The federal government is reviewing healthcare providers’ online access to Medicare card numbers after a breach in which patients’ Medicare numbers were offered for sale.
The review, led by Professor Peter Shergold and a panel including AMA president Michael Gannon and his RACGP counterpart Dr Bastian Seidel, will start work immediately to improve security and report by back by September 30.
“Medicare cards and Medicare numbers have always been sought by criminals,” Health Minister Greg Hunt said in a joint statement with Human Service Minster Alan Tudge.
“This review will identify options to improve the security of Medicare numbers while continuing to support the accessibility of medical care.”
The Health Professionals Online Services is utilised 45,000 times a day, allowing GPs, hospitals and other providers to access a Medicare card number using a name and date of birth.
“The system, which has not been significantly altered since being brought in eight years ago, has to be both convenient and utterly secure,” the ministers’ statement said.
“The review team will examine this balance to determine its adequacy in today’s context.”
The system was introduced in 2009 to ensure people in an emergency could get treatment immediately, even if they did not have their card.
The review follows an alleged breach related to “a small number of Medicare card numbers” which is being investigated by the Australia Federal Police.
“We re-emphasise that a Medicare card number alone does not provide access to any medical or clinical records,” the statement said.
The review will examine and advise on:
- The type of identifying information that a person should be required to produce to access Medicare treatment in both urgent and non-urgent medical situations.

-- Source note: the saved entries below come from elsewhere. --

lemma semiconjugacy_from_section:
  assumes P: "clopen_partition X X P \<epsilon>" "X \<noteq> {}"
    and \<pi>: "\<And>Q. Q \<in> P \<Longrightarrow> \<pi> Q \<in> P"
    and p: "\<And>Q. Q \<in> P \<Longrightarrow> p Q \<in> Q" "\<And>Q. Q \<in> P \<Longrightarrow> F (p Q) = p (\<pi> Q)"
    and g: "\<And>Q x. Q \<in> P \<Longrightarrow> x \<in> Q \<Longrightarrow> g x \<in> \<pi> Q"
  shows "\<exists>h. continuous_on X h \<and> h ` X \<subseteq> X \<and> dC0 X h id < \<epsilon> \<and> (\<forall>x\<in>X. h (g x) = F (h x))"
proof -
  define h where "h x = p (piece_of P x)" for x
  have piece: "piece_of P x \<in> P" "x \<in> piece_of P x" if "x \<in> X" for x
    using piece_of[OF P(1) that] by auto
  have "continuous_on X h"
    using P(1) unfolding h_def
    by (rule continuous_on_constant_on_pieces) (simp add: piece_of_eq[OF P(1)])
  have h_in: "h x \<in> piece_of P x" if "x \<in> X" for x
    unfolding h_def using p(1) piece[OF that] by blast
  then have "h ` X \<subseteq> X"
    using piece P(1) unfolding clopen_partition_def by blast
  have "finite P" "P \<noteq> {}" and small: "\<And>Q. Q \<in> P \<Longrightarrow> bounded Q \<and> diameter Q < \<epsilon>"
    using P unfolding clopen_partition_def by auto
  then have "Max (diameter ` P) < \<epsilon>"
    by simp
  moreover have "dC0 X h id \<le> Max (diameter ` P)"
  proof (rule dC0_le[OF P(2)])
    fix x assume x: "x \<in> X"
    have "dist (h x) (id x) \<le> diameter (piece_of P x)"
      using h_in[OF x] piece[OF x] small by (simp add: diameter_bounded_bound)
    also have "\<dots> \<le> Max (diameter ` P)"
      using \<open>finite P\<close> piece[OF x] by simp
    finally show "dist (h x) (id x) \<le> Max (diameter ` P)" .
  qed
  moreover have "h (g x) = F (h x)" if x: "x \<in> X" for x
  proof -
    have "piece_of P (g x) = \<pi> (piece_of P x)"
      using piece_of_eq[OF P(1) \<pi> g] piece[OF x] by blast
    then show "h (g x) = F (h x)"
      unfolding h_def using p(2) piece[OF x] by simp
  qed
  ultimately show ?thesis
    using \<open>continuous_on X h\<close> \<open>h ` X \<subseteq> X\<close> by force
qed

lemma dist_less_Dist_H:
  assumes "compact X" "f \<in> homeos X" "g \<in> homeos X" "Dist_H X f g < \<delta>" "x \<in> X"
  shows "dist (f x) (g x) < \<delta>"
proof -
  obtain f' g' where "homeomorphism X X f f'" "homeomorphism X X g g'"
    using assms(2,3) unfolding homeos_def by blast
  then have "dist (f x) (g x) \<le> dC0 X f g"
    using dist_le_dC0[OF assms(1) _ _ assms(5)] homeomorphism_cont1 by blast
  then show ?thesis
    using assms(4) unfolding Dist_H_def by linarith
qed

text \<open>Distinct pieces are at least \<open>\<delta>\<close> apart, so a map \<open>\<delta>\<close>-close to \<open>F\<close> sends each piece into the
  same piece as \<open>F\<close> does.\<close>
lemma close_map_follows_pieces:
  assumes P: "clopen_partition X X P e" and \<pi>: "\<And>Q. Q \<in> P \<Longrightarrow> \<pi> Q \<in> P"
    and sep: "\<And>Q R. Q \<in> P \<Longrightarrow> R \<in> P \<Longrightarrow> Q \<noteq> R \<Longrightarrow> \<delta> \<le> setdist Q R"
    and F: "\<And>Q x. Q \<in> P \<Longrightarrow> x \<in> Q \<Longrightarrow> F x \<in> \<pi> Q"
    and g: "\<And>x. x \<in> X \<Longrightarrow> g x \<in> X" "\<And>x. x \<in> X \<Longrightarrow> dist (F x) (g x) < \<delta>"
    and Qx: "Q \<in> P" "x \<in> Q"
  shows "g x \<in> \<pi> Q"
proof (rule ccontr)
  have x: "x \<in> X"
    using P Qx unfolding clopen_partition_def by blast
  let ?R = "piece_of P (g x)"
  have R: "?R \<in> P" "g x \<in> ?R"
    using piece_of[OF P g(1)[OF x]] by auto
  assume "g x \<notin> \<pi> Q"
  then have "\<delta> \<le> setdist ?R (\<pi> Q)"
    using sep R \<pi>[OF Qx(1)] by blast
  also have "\<dots> \<le> dist (g x) (F x)"
    using setdist_le_dist[OF R(2) F[OF Qx]] .
  finally show False
    using g(2)[OF x] by (simp add: dist_commute)
qed

lemma topologically_stable_if_periodic_partitions:
  fixes F :: "'a::metric_space \<Rightarrow> 'a"
  assumes X: "compact X" "X \<noteq> {}" and F: "F \<in> homeos X"
    and partitions: "\<And>\<epsilon>. \<epsilon> > 0 \<Longrightarrow> \<exists>P \<pi> per. clopen_partition X X P \<epsilon> \<and> exact_periods P \<pi> per
        \<and> (\<forall>Q\<in>P. \<forall>x\<in>Q. F x \<in> \<pi> Q) \<and> (\<forall>Q\<in>P. \<exists>q\<in>Q. (F ^^ per Q) q = q)"
  shows "topologically_stable X F"
  unfolding topologically_stable_def
proof (intro allI impI)
  fix \<epsilon> :: real assume "\<epsilon> > 0"
  then obtain P \<pi> per where P: "clopen_partition X X P \<epsilon>" and \<pi>: "exact_periods P \<pi> per"
    and F_maps: "\<And>Q x. Q \<in> P \<Longrightarrow> x \<in> Q \<Longrightarrow> F x \<in> \<pi> Q"
    and periodic: "\<And>Q. Q \<in> P \<Longrightarrow> \<exists>q\<in>Q. (F ^^ per Q) q = q"
    using partitions by meson
  have "\<forall>Q\<in>P. \<exists>q. q \<in> Q \<and> (F ^^ per Q) q = q"
    using periodic by blast
  then obtain q where q: "\<And>Q. Q \<in> P \<Longrightarrow> q Q \<in> Q \<and> (F ^^ per Q) (q Q) = q Q"
    by (metis bchoice)
  obtain p where p: "\<And>Q. Q \<in> P \<Longrightarrow> p Q \<in> Q" "\<And>Q. Q \<in> P \<Longrightarrow> F (p Q) = p (\<pi> Q)"
    using equivariant_section[OF \<pi> F_maps q] by blast
  obtain \<delta> where \<delta>: "\<delta> > 0" "\<And>Q R. Q \<in> P \<Longrightarrow> R \<in> P \<Longrightarrow> Q \<noteq> R \<Longrightarrow> \<delta> \<le> setdist Q R"
    using clopen_partition_separated[OF X(1) P] by blast
  have "\<exists>h. continuous_on X h \<and> h ` X \<subseteq> X \<and> dC0 X h id < \<epsilon> \<and> (\<forall>x\<in>X. h (g x) = F (h x))"
    if g: "g \<in> homeos X" "Dist_H X F g < \<delta>" for g
  proof (rule semiconjugacy_from_section[of X P \<epsilon> \<pi> p F g, OF P X(2) exact_periods.maps_to[OF \<pi>] p])
    have gX: "\<And>x. x \<in> X \<Longrightarrow> g x \<in> X"
      using g(1) homeomorphism_maps_to unfolding homeos_def by blast
    show "g x \<in> \<pi> Q" if "Q \<in> P" "x \<in> Q" for Q x
      using close_map_follows_pieces[of X P \<epsilon> \<pi> \<delta> F g, OF P exact_periods.maps_to[OF \<pi>] \<delta>(2) F_maps gX
          dist_less_Dist_H[OF X(1) F g] that] .
  qed
  then show "\<exists>\<delta>>0. \<forall>g\<in>homeos X. Dist_H X F g < \<delta> \<longrightarrow>
      (\<exists>h. continuous_on X h \<and> h ` X \<subseteq> X \<and> dC0 X h id < \<epsilon> \<and> (\<forall>x\<in>X. h (g x) = F (h x)))"
    using \<delta>(1) by blast
qed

- The effectiveness of controls over registration and authentication processes at the health provider’s premises to access Medicare card numbers.
- Security risks and controls surrounding the provision of Medicare numbers across the telephone channel, and the online connection between external medical software providers and HPOS.
- The sufficiency of control by patients and the appropriateness of patient notification regarding access to their Medicare number.
- The adequacy of compliance systems to identify any potential inappropriate access to a patient’s Medicare number.
- Any other identified area of potential weakness associated with policy, process, procedures and systems in relation to accessibility of Medicare numbers.